Appendix A Comparison to Existing In-Context Learning Strategies

Figure 8 visualizes the differences between our proposed SKiC prompting and the previous related prompting methods. Different from Chain-of-Thoughts prompting, our SKiC prompting provides explicit grounding on the basic skills for reasoning steps towards final answers. Compared to recent prompting methods for handling compositional problems such as Least-to-Most prompting (LtM) (Zhou et al., 2022a) and Decomp (Khot et al., 2022), our SKiC is superior in several dimensions: (i) Our SKiC prompting is more general to solve extended sets of problems. Previous decomposing-based approaches like LtM and Decomp usually solve complex problems in a two-stage fashion by first decomposing the problem into a linear sequence of subproblems and then solving them sequentially. However, many of the tasks that have complex computation graphs such as multiplication and dynamic programming problems (Dziri et al., 2023) cannot be easily and fully decomposed in one stage, which makes it hard to apply these decomposition-based approaches. (ii) The decomposition operation can also be viewed as one basic skill in our SKiC prompt (for example, we view the decomposition operation as one of the skills in the question-answer task in Figure 16). (iii) SKiC solves the complex problems in a single stage, which could alleviate the error propagation compared to decomposition-based approaches that require multiple distinct stages.

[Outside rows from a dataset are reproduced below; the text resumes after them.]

lemma pair_outside_halfGammaF:
  assumes "\<gamma> \<notin> halfGammaF Fg" "\<gamma> + \<delta> + \<epsilon> \<in> GammaF Fg"
  shows "\<delta> \<notin> halfGammaF Fg" "orbit \<delta> = orbit \<gamma>"
    "coset Fg \<delta> = coset Fg (- \<gamma> - \<epsilon>)" "coset Fg \<gamma> \<noteq> coset Fg (- \<gamma> - \<epsilon>)"
proof -
  show "\<delta> \<notin> halfGammaF Fg" using assms halfGammaF_pair_iff by blast
  show "orbit \<delta> = orbit \<gamma>" using assms(2) by (rule orbit_eq_if_pair)
  show "coset Fg \<delta> = coset Fg (- \<gamma> - \<epsilon>)" unfolding coset_eq_iff diff_bar by (rule assms(2))
  show "coset Fg \<gamma> \<noteq> coset Fg (- \<gamma> - \<epsilon>)"
    unfolding coset_eq_iff by (rule bar_diff_notin_GammaF[OF assms(1)])
qed

lemma pairs_only_with_lagrangian_dual: "pairs_only_with lagrangian_grades dual_grades"
  unfolding pairs_only_with_def lagrangian_grades_def dual_grades_def
  using pair_outside_halfGammaF by auto

lemma pairs_only_with_dual_lagrangian: "pairs_only_with dual_grades lagrangian_grades"
  unfolding pairs_only_with_def
proof (intro ballI allI impI)
  fix \<gamma> \<delta> assume \<gamma>: "\<gamma> \<in> dual_grades" and pair: "\<gamma> + \<delta> + \<epsilon> \<in> GammaF Fg"
  then have "\<gamma> \<notin> halfGammaF Fg" "orbit_choice (orbit \<gamma>) \<noteq> coset Fg \<gamma>"
    unfolding dual_grades_def by auto
  moreover from this have "orbit_choice (orbit \<gamma>) = coset Fg (- \<gamma> - \<epsilon>)"
    using orbit_choice_mem[of \<gamma>] unfolding orbit_def by auto
  ultimately show "\<delta> \<in> lagrangian_grades"
    using pair_outside_halfGammaF[OF _ pair] unfolding lagrangian_grades_def by simp
qed

lemma lagrangian_grades_no_pair:
  "\<gamma> \<in> lagrangian_grades \<Longrightarrow> \<delta> \<in> lagrangian_grades \<Longrightarrow> \<gamma> + \<delta> + \<epsilon> \<notin> GammaF Fg"
  using pairs_only_with_lagrangian_dual
  unfolding pairs_only_with_def lagrangian_grades_def dual_grades_def by blast

lemma lagrangian_grades_no_sum:
  "\<gamma> \<in> lagrangian_grades \<Longrightarrow> \<delta> \<in> lagrangian_grades \<Longrightarrow> \<gamma> + \<delta> \<notin> GammaF Fg"
  using lagrangian_grades_no_pair GammaF_add eps_GammaF by blast

lemma gdim_not_halfGammaF:
  "gdim Vg sc (Vcos Vg (- halfGammaF Fg)) = 2 * gdim Vg sc (Vcos Vg lagrangian_grades)"
proof -
  obtain B where B: "finite B" "hbasis Vg sc UNIV B" using finite_hbasis by auto
  let ?B = "\<lambda>G. {v\<in>B. v \<in> Vcos Vg G}"
  let ?L = lagrangian_grades and ?D = dual_grades
  have bases: "hbasis Vg sc (Vcos Vg ?L) (?B ?L)" "hbasis Vg sc (Vcos Vg ?D) (?B ?D)"
    "hbasis Vg sc (Vcos Vg (- halfGammaF Fg)) (?B (- halfGammaF Fg))"
    using hbasis_Vcos[OF _ B] GammaF_stable_lagrangian_grades GammaF_stable_dual_grades
      GammaF_stable_Compl[OF GammaF_stable_halfGammaF] by auto
  have fin: "finite (?B G)" for G using B(1) by auto
  have "?B (- halfGammaF Fg) = ?B ?L \<union> ?B ?D" "?B ?L \<inter> ?B ?D = {}"
  proof -
    have "v \<in> Vcos Vg G \<longleftrightarrow> \<delta> \<in> G" if "v \<in> B" "v \<in> Vg \<delta>" for v \<delta> G
      using homogeneous_in_Vcos_iff that zero_notin_lin_indep B(2) unfolding hbasis_def by metis
    moreover have "\<forall>v\<in>B. \<exists>\<delta>. v \<in> Vg \<delta>" using B(2) unfolding hbasis_def homogeneous_def by auto
    moreover have "- halfGammaF Fg = ?L \<union> ?D" "?L \<inter> ?D = {}"
      unfolding lagrangian_grades_def dual_grades_def by auto
    ultimately show "?B (- halfGammaF Fg) = ?B ?L \<union> ?B ?D" "?B ?L \<inter> ?B ?D = {}"
      by blast+
  qed
  then have "card (?B (- halfGammaF Fg)) = card (?B ?L) + card (?B ?D)"
    using card_Un_disjoint[OF fin fin] by simp
  moreover have "card (?B ?L) = card (?B ?D)"
    using card_hbasis_le_if_pairs_only_with[OF _ _ fin _ fin] bases
      GammaF_stable_lagrangian_grades GammaF_stable_dual_grades
      pairs_only_with_lagrangian_dual pairs_only_with_dual_lagrangian
    by (meson antisym)
  ultimately show ?thesis using gdim_eq[OF fin] bases by simp
qed

lemma metabolic_not_halfGammaF: "metabolic sc Vg (Vcos Vg (- halfGammaF Fg)) q b"
  unfolding metabolic_def
proof (intro exI conjI ballI)
  show "graded_subspace Vg sc (Vcos Vg lagrangian_grades)"
    by (rule Vcos_graded_subspace[OF GammaF_stable_lagrangian_grades])
  show "Vcos Vg lagrangian_grades \<subseteq> Vcos Vg (- halfGammaF Fg)"
    by (rule Vcos_mono) (auto simp: lagrangian_grades_def)
  show "2 * gdim Vg sc (Vcos Vg lagrangian_grades) = gdim Vg sc (Vcos Vg (- halfGammaF Fg))"
    using gdim_not_halfGammaF by simp
  fix x assume x: "x \<in> Vcos Vg lagrangian_grades"
  show "q x = 0" by (rule q_Vcos_eq_zero[OF lagrangian_grades_no_sum x])
  fix y assume y: "y \<in> Vcos Vg lagrangian_grades"
  show "b x y = 0"
    by (rule shifted_form_Vcos_eq_zero[OF b_bilin b_shifted x y lagrangian_grades_no_pair])
qed

end

theorem proposition3p4:
  fixes Fg :: "'g::ab_group_add \<Rightarrow> 'f::comm_ring_1 set"
    and sc :: "'f \<Rightarrow> 'v::ab_group_add \<Rightarrow> 'v"
    and Vg :: "'g \<Rightarrow> 'v set"
    and \<epsilon> :: 'g
    and q :: "'v \<Rightarrow> 'f"
    and b :: "'v \<Rightarrow> 'v \<Rightarrow> 'f"
    and T :: "'f qtype"
  assumes "divisible_torsion_free TYPE('g)"
    and "graded_field Fg"
    and "\<epsilon> \<in> GammaF Fg"
    and "graded_vspace Fg sc Vg"
    and "eps_qspace Fg sc Vg \<epsilon> UNIV q b"
    and "qtype_ok Fg \<epsilon> T"
    and "has_type T \<epsilon> UNIV q b"
  shows "orth_decomp b UNIV {0::nat, 1}
           (\<lambda>i. if i = 0 then subsum (half_cosets Fg) (Vcos Vg) else subsum (orbits Fg \<epsilon>) (Vorb Vg))
       \<and> orth_decomp b (subsum (half_cosets Fg) (Vcos Vg)) (half_cosets Fg) (Vcos Vg)
       \<and> orth_decomp b (subsum (orbits Fg \<epsilon>) (Vorb Vg)) (orbits Fg \<epsilon>) (Vorb Vg)
       \<and> (\<forall>\<Lambda>\<in>half_cosets Fg. eps_qspace Fg sc Vg \<epsilon> (Vcos Vg \<Lambda>) q b \<and> has_type T \<epsilon> (Vcos Vg \<Lambda>) q b)
       \<and> eps_qspace Fg sc Vg \<epsilon> (subsum (orbits Fg \<epsilon>) (Vorb Vg)) q b
       \<and> has_type T \<epsilon> (subsum (orbits Fg \<epsilon>) (Vorb Vg)) q b
       \<and> metabolic sc Vg (subsum (orbits Fg \<epsilon>) (Vorb Vg)) q b"
proof -
  interpret shifted_qspace Fg sc Vg \<epsilon> q b
    by unfold_locales (use assms in auto)
  note half = orth_decomp_half_cosets and not_half = orth_decomp_orbits
  have "eps_qspace Fg sc Vg \<epsilon> (Vcos Vg \<Lambda>) q b" if "\<Lambda> \<in> half_cosets Fg" for \<Lambda>
    using that eps_qspace_Vcos[OF _ pairs_only_with_half_coset] GammaF_stable_coset
    unfolding half_cosets_def by blast
  moreover have "eps_qspace Fg sc Vg \<epsilon> (Vcos Vg (- halfGammaF Fg)) q b"
    by (rule eps_qspace_Vcos[OF GammaF_stable_Compl[OF GammaF_stable_halfGammaF]
          pairs_only_with_not_halfGammaF])
  ultimately show ?thesis
    unfolding half(1) not_half(1)
    using orth_decomp_half_not_half half(2) not_half(2) metabolic_not_halfGammaF
      has_type_subspace[OF assms(7) Vcos_zero] by blast
qed

end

Due to the one-stage nature, our SKiC prompting can replace other one-stage strategies such as the CoT promptings in a plug-and-play manner. And it can also be easily combined with other ensemble techniques such as self-consistency (Wang et al., 2022) and Progressive-Hint Prompting (Zheng et al., 2023a) to further boost the performance.


Refer to caption

Figure 8: The building blocks of different prompting strategies. Blue cells stand for different intermediate steps, green cells denote the answers to the asked question, and red cells refer to the provided skills in our Skills-in-Context prompting. A block of several cells represents one distinct stage in a two-stage prompting strategy (e.g., problem decomposition stage in the Least-to-Most prompting). Standard prompting provides only labeled exemplars in the context. Chain-of-Thoughts prompting further provides a step-by-step rationale preceding the answer. Decomposed prompting is a two-stage prompting method, which first breaks the questions into sub-problems, and then utilizes standard or Chain-of-Thoughts prompting to solve each sub-problem sequentially to derive the final answer. Least-to-Most prompting adopts a two-stage strategy: it first generates multiple questions in an easy-to-hard manner, and then sequentially answers each of them until solving the original question. In contrast, our Skills-in-Context prompting is a simple one-stage prompting, which places both the (basic) skills and the demonstrations of how to compose them into solutions within the same prompt context. This teaches the LLM how to explicitly and adeptly ground each reasoning step onto the skills (illustrated in dashed lines), which unleashes strong synergies between skills and composition capabilities in LLMs, leading to strong compositionality over unseen harder problems.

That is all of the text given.